===== SUPPLIED MATERIAL

(* Let $T$ be a bounded linear operator on a complex separable infinite-dimensional Hilbert space $\mathcal{H}$ admitting a $\mathbb{T}$-eigenvector field $E$ which is $\alpha$-H\"olderian for some $\alpha\in(0,1]$, and let $R$ be the operator defined from $E$ in the context. There exists a positive constant $C(E,\alpha)$ depending only on $E$ and $\alpha$ such that for all $x,y\in\mathcal{H}$, $$|\langle RT^{*n}x,y\rangle|\le\frac{C(E,\alpha)\,\|x\|\,\|y\|}{n^{\alpha}}$$ for every positive integer $n$.
   Context: The inner product is linear in the second variable, conjugate-linear in the first. $\mathbb{T}$ is the unit circle, $\mu$ normalized Lebesgue measure. A $\mathbb{T}$-eigenvector field is a bounded map $E:\mathbb{T}\to\mathcal{H}$ with $TE(\lambda)=\lambda E(\lambda)$ for all $\lambda$; it is $\alpha$-H\"olderian if there is $C(E)>0$ with $\|E(e^{i\theta})-E(e^{i\theta'})\|\le C(E)|\theta-\theta'|^{\alpha}$ for all $\theta,\theta'\in[0,2\pi)$. $K:L^2(\mathbb{T},\mu)\to\mathcal{H}$, $Kf=\int f(\lambda)E(\lambda)\,d\mu(\lambda)$, and $R=KK^*$; equivalently $\langle RT^{*n}x,y\rangle=\int_{\mathbb{T}}\lambda^n\langle x,E(\lambda)\rangle\overline{\langle y,E(\lambda)\rangle}\,d\mu(\lambda)$. *)

theory Defs
  imports "HOL-Analysis.Analysis"
begin

text \<open>The inner product is conjugate-linear
  in the first and linear in the second variable.\<close>

class complex_vector = real_vector +
  fixes scaleC :: "complex \<Rightarrow> 'a \<Rightarrow> 'a" (infixr \<open>*\<^sub>C\<close> 75)
  assumes scaleC_add_right: "a *\<^sub>C (x + y) = a *\<^sub>C x + a *\<^sub>C y"
    and scaleC_add_left: "(a + b) *\<^sub>C x = a *\<^sub>C x + b *\<^sub>C x"
    and scaleC_scaleC: "a *\<^sub>C (b *\<^sub>C x) = (a * b) *\<^sub>C x"
    and scaleC_one: "1 *\<^sub>C x = x"
    and scaleR_scaleC: "r *\<^sub>R x = (complex_of_real r) *\<^sub>C x"

class complex_inner = complex_vector + real_normed_vector +
  fixes cinner :: "'a \<Rightarrow> 'a \<Rightarrow> complex"
  assumes cinner_commute: "cinner x y = cnj (cinner y x)"
    and cinner_add_right: "cinner x (y + z) = cinner x y + cinner x z"
    and cinner_scaleC_right: "cinner x (a *\<^sub>C y) = a * cinner x y"
    and cinner_ge_zero: "0 \<le> Re (cinner x x)"
    and cinner_eq_zero_iff: "cinner x x = 0 \<longleftrightarrow> x = 0"
    and norm_eq_sqrt_cinner: "norm x = sqrt (Re (cinner x x))"

class chilbert_space = complex_inner + complete_space

definition cspan :: "'a::complex_vector set \<Rightarrow> 'a set" where
  "cspan S = {y. \<exists>c. y = (\<Sum>s\<in>S. c s *\<^sub>C s)}"

definition infinite_dimensional :: "'a::complex_vector itself \<Rightarrow> bool" where
  "infinite_dimensional _ \<longleftrightarrow> (\<forall>S::'a set. finite S \<longrightarrow> (\<exists>x. x \<notin> cspan S))"

definition bounded_clinear_op :: "('a::complex_inner \<Rightarrow> 'a) \<Rightarrow> bool" where
  "bounded_clinear_op T \<longleftrightarrow>
     (\<forall>x y. T (x + y) = T x + T y) \<and> (\<forall>a x. T (a *\<^sub>C x) = a *\<^sub>C T x) \<and>
     (\<exists>K. \<forall>x. norm (T x) \<le> K * norm x)"

definition cadjoint :: "('a::complex_inner \<Rightarrow> 'a) \<Rightarrow> ('a \<Rightarrow> 'a)" where
  "cadjoint T = (THE S. \<forall>x y. cinner (S x) y = cinner x (T y))"

definition circle_measure :: "complex measure" where
  "circle_measure = distr (uniform_measure lborel {0..2*pi})
                          (restrict_space borel (sphere 0 1)) cis"

definition T_eigenvector_field :: "('a::complex_inner \<Rightarrow> 'a) \<Rightarrow> (complex \<Rightarrow> 'a) \<Rightarrow> bool" where
  "T_eigenvector_field T E \<longleftrightarrow>
     (\<exists>B. \<forall>z\<in>sphere 0 1. norm (E z) \<le> B) \<and>
     (\<forall>z\<in>sphere 0 1. T (E z) = z *\<^sub>C E z)"

definition holderian :: "real \<Rightarrow> (complex \<Rightarrow> 'a::real_normed_vector) \<Rightarrow> bool" where
  "holderian \<alpha> E \<longleftrightarrow> (\<exists>C>0. \<forall>\<theta>\<in>{0..<2*pi}. \<forall>\<theta>'\<in>{0..<2*pi}.
      norm (E (cis \<theta>) - E (cis \<theta>')) \<le> C * \<bar>\<theta> - \<theta>'\<bar> powr \<alpha>)"

text \<open>\<open>R = K K^*\<close>, where \<open>K f = \<integral> f(\<lambda>) E(\<lambda>) d\<mu>\<close>; since \<open>(K^* y)(\<lambda>) = \<langle>E(\<lambda>), y\<rangle>\<close>,
  \<open>R y = \<integral> \<langle>E(\<lambda>), y\<rangle> E(\<lambda>) d\<mu>(\<lambda>)\<close> (Bochner integral).\<close>
definition R_op :: "(complex \<Rightarrow> 'a::{chilbert_space, second_countable_topology}) \<Rightarrow> 'a \<Rightarrow> 'a" where
  "R_op E y = integral\<^sup>L circle_measure (\<lambda>z. cinner (E z) y *\<^sub>C E z)"

end

theory Submission
  imports Defs
begin

text \<open>Since \<open>T E(\<lambda>) = \<lambda> E(\<lambda>)\<close>, we have \<open>\<langle>T\<^sup>*\<^sup>n x, E(\<lambda>)\<rangle> = \<lambda>\<^sup>n \<langle>x, E(\<lambda>)\<rangle>\<close>, so
  \<open>\<langle>R T\<^sup>*\<^sup>n x, y\<rangle> = (2\<pi>)\<^sup>-\<^sup>1 \<integral>\<^sub>0\<^sup>2\<^sup>\<pi> e\<^sup>i\<^sup>n\<^sup>t f(t) dt\<close> is a Fourier coefficient of the bounded
  \<open>\<alpha>\<close>-Hoelder function \<open>f(t) = \<langle>x, E(e\<^sup>i\<^sup>t)\<rangle> \<langle>E(e\<^sup>i\<^sup>t), y\<rangle>\<close>, with Hoelder constant
  \<open>2 \<parallel>E\<parallel>\<^sub>\<infinity> C(E) \<parallel>x\<parallel> \<parallel>y\<parallel>\<close>. Shifting \<open>t\<close> by \<open>\<pi>/n\<close> changes the sign of \<open>e\<^sup>i\<^sup>n\<^sup>t\<close>, so
  twice the integral is the integral of \<open>e\<^sup>i\<^sup>n\<^sup>t (f(t) - f(t + \<pi>/n))\<close> up to two pieces of
  length \<open>\<pi>/n\<close>, which gives the bound \<open>O(n\<^sup>-\<^sup>\<alpha>)\<close>.

  The adjoint \<open>T\<^sup>*\<close> is only given by a definite description, so its defining property
  has to be established; this is the Riesz representation theorem, obtained by the classical
  argument that a maximising sequence for \<open>|\<phi>|\<close> on the unit ball is Cauchy.\<close>

section \<open>Complex inner product spaces\<close>

lemma cinner_zero_right [simp]: "cinner x (0::'a::complex_inner) = 0"
  using cinner_add_right[of x "0::'a" 0] by simp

==========

■ TASK GOAL
Looking back over the data above, restate word for word the lines that begin at the line with "class chilbert_space = complex_inner" and end at the line with "(\<forall>z\<in>sphere 0 1.", inclusive.

■ RESPONSE FOR THIS EXERCISE
class chilbert_space = complex_inner + complete_space

definition cspan :: "'a::complex_vector set \<Rightarrow> 'a set" where
  "cspan S = {y. \<exists>c. y = (\<Sum>s\<in>S. c s *\<^sub>C s)}"

definition infinite_dimensional :: "'a::complex_vector itself \<Rightarrow> bool" where
  "infinite_dimensional _ \<longleftrightarrow> (\<forall>S::'a set. finite S \<longrightarrow> (\<exists>x. x \<notin> cspan S))"

definition bounded_clinear_op :: "('a::complex_inner \<Rightarrow> 'a) \<Rightarrow> bool" where
  "bounded_clinear_op T \<longleftrightarrow>
     (\<forall>x y. T (x + y) = T x + T y) \<and> (\<forall>a x. T (a *\<^sub>C x) = a *\<^sub>C T x) \<and>
     (\<exists>K. \<forall>x. norm (T x) \<le> K * norm x)"

definition cadjoint :: "('a::complex_inner \<Rightarrow> 'a) \<Rightarrow> ('a \<Rightarrow> 'a)" where
  "cadjoint T = (THE S. \<forall>x y. cinner (S x) y = cinner x (T y))"

definition circle_measure :: "complex measure" where
  "circle_measure = distr (uniform_measure lborel {0..2*pi})
                          (restrict_space borel (sphere 0 1)) cis"

definition T_eigenvector_field :: "('a::complex_inner \<Rightarrow> 'a) \<Rightarrow> (complex \<Rightarrow> 'a) \<Rightarrow> bool" where
  "T_eigenvector_field T E \<longleftrightarrow>
     (\<exists>B. \<forall>z\<in>sphere 0 1. norm (E z) \<le> B) \<and>
     (\<forall>z\<in>sphere 0 1. T (E z) = z *\<^sub>C E z)"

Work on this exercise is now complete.